Dataset entries
(* Let $1\le p\le\infty$ and $E=\mathcal{L}^p(I)$. If $(f_m)$ is a Schauder basis of $E$ and $\Lambda<1/2$, then $(f_m*_T0)$ is a Schauder basis of $E$. If moreover $(f_m)$ is bounded, then the basis $(f_m*_T0)$ is also bounded.
   Context: Let $N\ge 2$, $I=[x_0,x_N]$, $\Delta: x_0<\dots<x_N$ a partition, $L_n(x)=a_nx+b_n$ affine with $L_n(x_0)=x_{n-1}$, $L_n(x_N)=x_n$, $I_1=[x_0,x_1]$, $I_n=(x_{n-1},x_n]$ for $n\ge2$, and $\alpha=(\alpha_1,\dots,\alpha_N)\in(\mathcal{L}^\infty(I))^N$ with $\Lambda:=\operatorname{ess\,sup}\{|\alpha_n(x)|:x\in I,n=1,\dots,N\}<1$. For $f,b\in E$, $f*_Tb$ is the unique fixed point in $E$ of the contraction $Tg(x):=f(x)+\alpha_n(L_n^{-1}(x))(g-b)(L_n^{-1}(x))$, $x\in I_n$; $0$ is the null function. A sequence $(x_m)$ is bounded if there are constants $0<k\le K$ with $k\le\|x_m\|_p\le K$ for all $m$. *)

theory Defs
  imports "HOL-Analysis.Analysis" "HOL-Probability.Essential_Supremum"
begin

definition Ivl :: "(nat \<Rightarrow> real) \<Rightarrow> nat \<Rightarrow> real set" where
  "Ivl xs N = {xs 0 .. xs N}"

definition Isub :: "(nat \<Rightarrow> real) \<Rightarrow> nat \<Rightarrow> real set" where
  "Isub xs n = (if n = 1 then {xs 0 .. xs 1} else {xs (n - 1) <.. xs n})"

text \<open>The affine map L_n(t) = a_n t + b_n with L_n(x_0) = x_{n-1}, L_n(x_N) = x_n,
  and its inverse.\<close>
definition Lmap :: "(nat \<Rightarrow> real) \<Rightarrow> nat \<Rightarrow> nat \<Rightarrow> real \<Rightarrow> real" where
  "Lmap xs N n t = xs (n - 1) + (xs n - xs (n - 1)) / (xs N - xs 0) * (t - xs 0)"

definition Linv :: "(nat \<Rightarrow> real) \<Rightarrow> nat \<Rightarrow> nat \<Rightarrow> real \<Rightarrow> real" where
  "Linv xs N n y = xs 0 + (xs N - xs 0) / (xs n - xs (n - 1)) * (y - xs (n - 1))"

text \<open>Membership in L^p(I), 1 <= p <= infinity (functions, identified up to a.e. equality
  through the seminorm).\<close>
definition inLp :: "ereal \<Rightarrow> (nat \<Rightarrow> real) \<Rightarrow> nat \<Rightarrow> (real \<Rightarrow> real) \<Rightarrow> bool" where
  "inLp p xs N f \<longleftrightarrow> f \<in> borel_measurable (lebesgue_on (Ivl xs N)) \<and>
     (if p = \<infinity> then esssup (lebesgue_on (Ivl xs N)) (\<lambda>t. ereal \<bar>f t\<bar>) < \<infinity>
      else integrable (lebesgue_on (Ivl xs N)) (\<lambda>t. \<bar>f t\<bar> powr real_of_ereal p))"

definition Lpnorm :: "ereal \<Rightarrow> (nat \<Rightarrow> real) \<Rightarrow> nat \<Rightarrow> (real \<Rightarrow> real) \<Rightarrow> real" where
  "Lpnorm p xs N f =
     (if p = \<infinity> then real_of_ereal (esssup (lebesgue_on (Ivl xs N)) (\<lambda>t. ereal \<bar>f t\<bar>))
      else (integral\<^sup>L (lebesgue_on (Ivl xs N)) (\<lambda>t. \<bar>f t\<bar> powr real_of_ereal p))
             powr (1 / real_of_ereal p))"

definition schauder_basis :: "ereal \<Rightarrow> (nat \<Rightarrow> real) \<Rightarrow> nat \<Rightarrow> (nat \<Rightarrow> real \<Rightarrow> real) \<Rightarrow> bool" where
  "schauder_basis p xs N fs \<longleftrightarrow> (\<forall>m. inLp p xs N (fs m)) \<and>
     (\<forall>h. inLp p xs N h \<longrightarrow>
        (\<exists>!c :: nat \<Rightarrow> real.
           (\<lambda>n. Lpnorm p xs N (\<lambda>t. h t - (\<Sum>m<n. c m * fs m t))) \<longlonglongrightarrow> 0))"

definition bounded_seq :: "ereal \<Rightarrow> (nat \<Rightarrow> real) \<Rightarrow> nat \<Rightarrow> (nat \<Rightarrow> real \<Rightarrow> real) \<Rightarrow> bool" where
  "bounded_seq p xs N fs \<longleftrightarrow>
     (\<exists>k K. 0 < k \<and> k \<le> K \<and> (\<forall>m. k \<le> Lpnorm p xs N (fs m) \<and> Lpnorm p xs N (fs m) \<le> K))"

definition Lambda :: "(nat \<Rightarrow> real) \<Rightarrow> nat \<Rightarrow> (nat \<Rightarrow> real \<Rightarrow> real) \<Rightarrow> ereal" where
  "Lambda xs N \<alpha> = esssup (lebesgue_on (Ivl xs N))
      (\<lambda>t. Max ((\<lambda>n. ereal \<bar>\<alpha> n t\<bar>) ` {1..N}))"

definition Top :: "(nat \<Rightarrow> real) \<Rightarrow> nat \<Rightarrow> (nat \<Rightarrow> real \<Rightarrow> real) \<Rightarrow>
    (real \<Rightarrow> real) \<Rightarrow> (real \<Rightarrow> real) \<Rightarrow> (real \<Rightarrow> real) \<Rightarrow> real \<Rightarrow> real" where
  "Top xs N \<alpha> f b g t =
     f t + (\<Sum>n\<in>{1..N}. if t \<in> Isub xs n
        then \<alpha> n (Linv xs N n t) * (g (Linv xs N n t) - b (Linv xs N n t)) else 0)"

[Task goal] Could you restate, word for word, every line from the one containing "(fs m)) \<and>" through the last line of the records above, and nothing more?

[Exercise output]
  "schauder_basis p xs N fs \<longleftrightarrow> (\<forall>m. inLp p xs N (fs m)) \<and>
     (\<forall>h. inLp p xs N h \<longrightarrow>
        (\<exists>!c :: nat \<Rightarrow> real.
           (\<lambda>n. Lpnorm p xs N (\<lambda>t. h t - (\<Sum>m<n. c m * fs m t))) \<longlonglongrightarrow> 0))"

definition bounded_seq :: "ereal \<Rightarrow> (nat \<Rightarrow> real) \<Rightarrow> nat \<Rightarrow> (nat \<Rightarrow> real \<Rightarrow> real) \<Rightarrow> bool" where
  "bounded_seq p xs N fs \<longleftrightarrow>
     (\<exists>k K. 0 < k \<and> k \<le> K \<and> (\<forall>m. k \<le> Lpnorm p xs N (fs m) \<and> Lpnorm p xs N (fs m) \<le> K))"

definition Lambda :: "(nat \<Rightarrow> real) \<Rightarrow> nat \<Rightarrow> (nat \<Rightarrow> real \<Rightarrow> real) \<Rightarrow> ereal" where
  "Lambda xs N \<alpha> = esssup (lebesgue_on (Ivl xs N))
      (\<lambda>t. Max ((\<lambda>n. ereal \<bar>\<alpha> n t\<bar>) ` {1..N}))"

definition Top :: "(nat \<Rightarrow> real) \<Rightarrow> nat \<Rightarrow> (nat \<Rightarrow> real \<Rightarrow> real) \<Rightarrow>
    (real \<Rightarrow> real) \<Rightarrow> (real \<Rightarrow> real) \<Rightarrow> (real \<Rightarrow> real) \<Rightarrow> real \<Rightarrow> real" where
  "Top xs N \<alpha> f b g t =
     f t + (\<Sum>n\<in>{1..N}. if t \<in> Isub xs n
        then \<alpha> n (Linv xs N n t) * (g (Linv xs N n t) - b (Linv xs N n t)) else 0)"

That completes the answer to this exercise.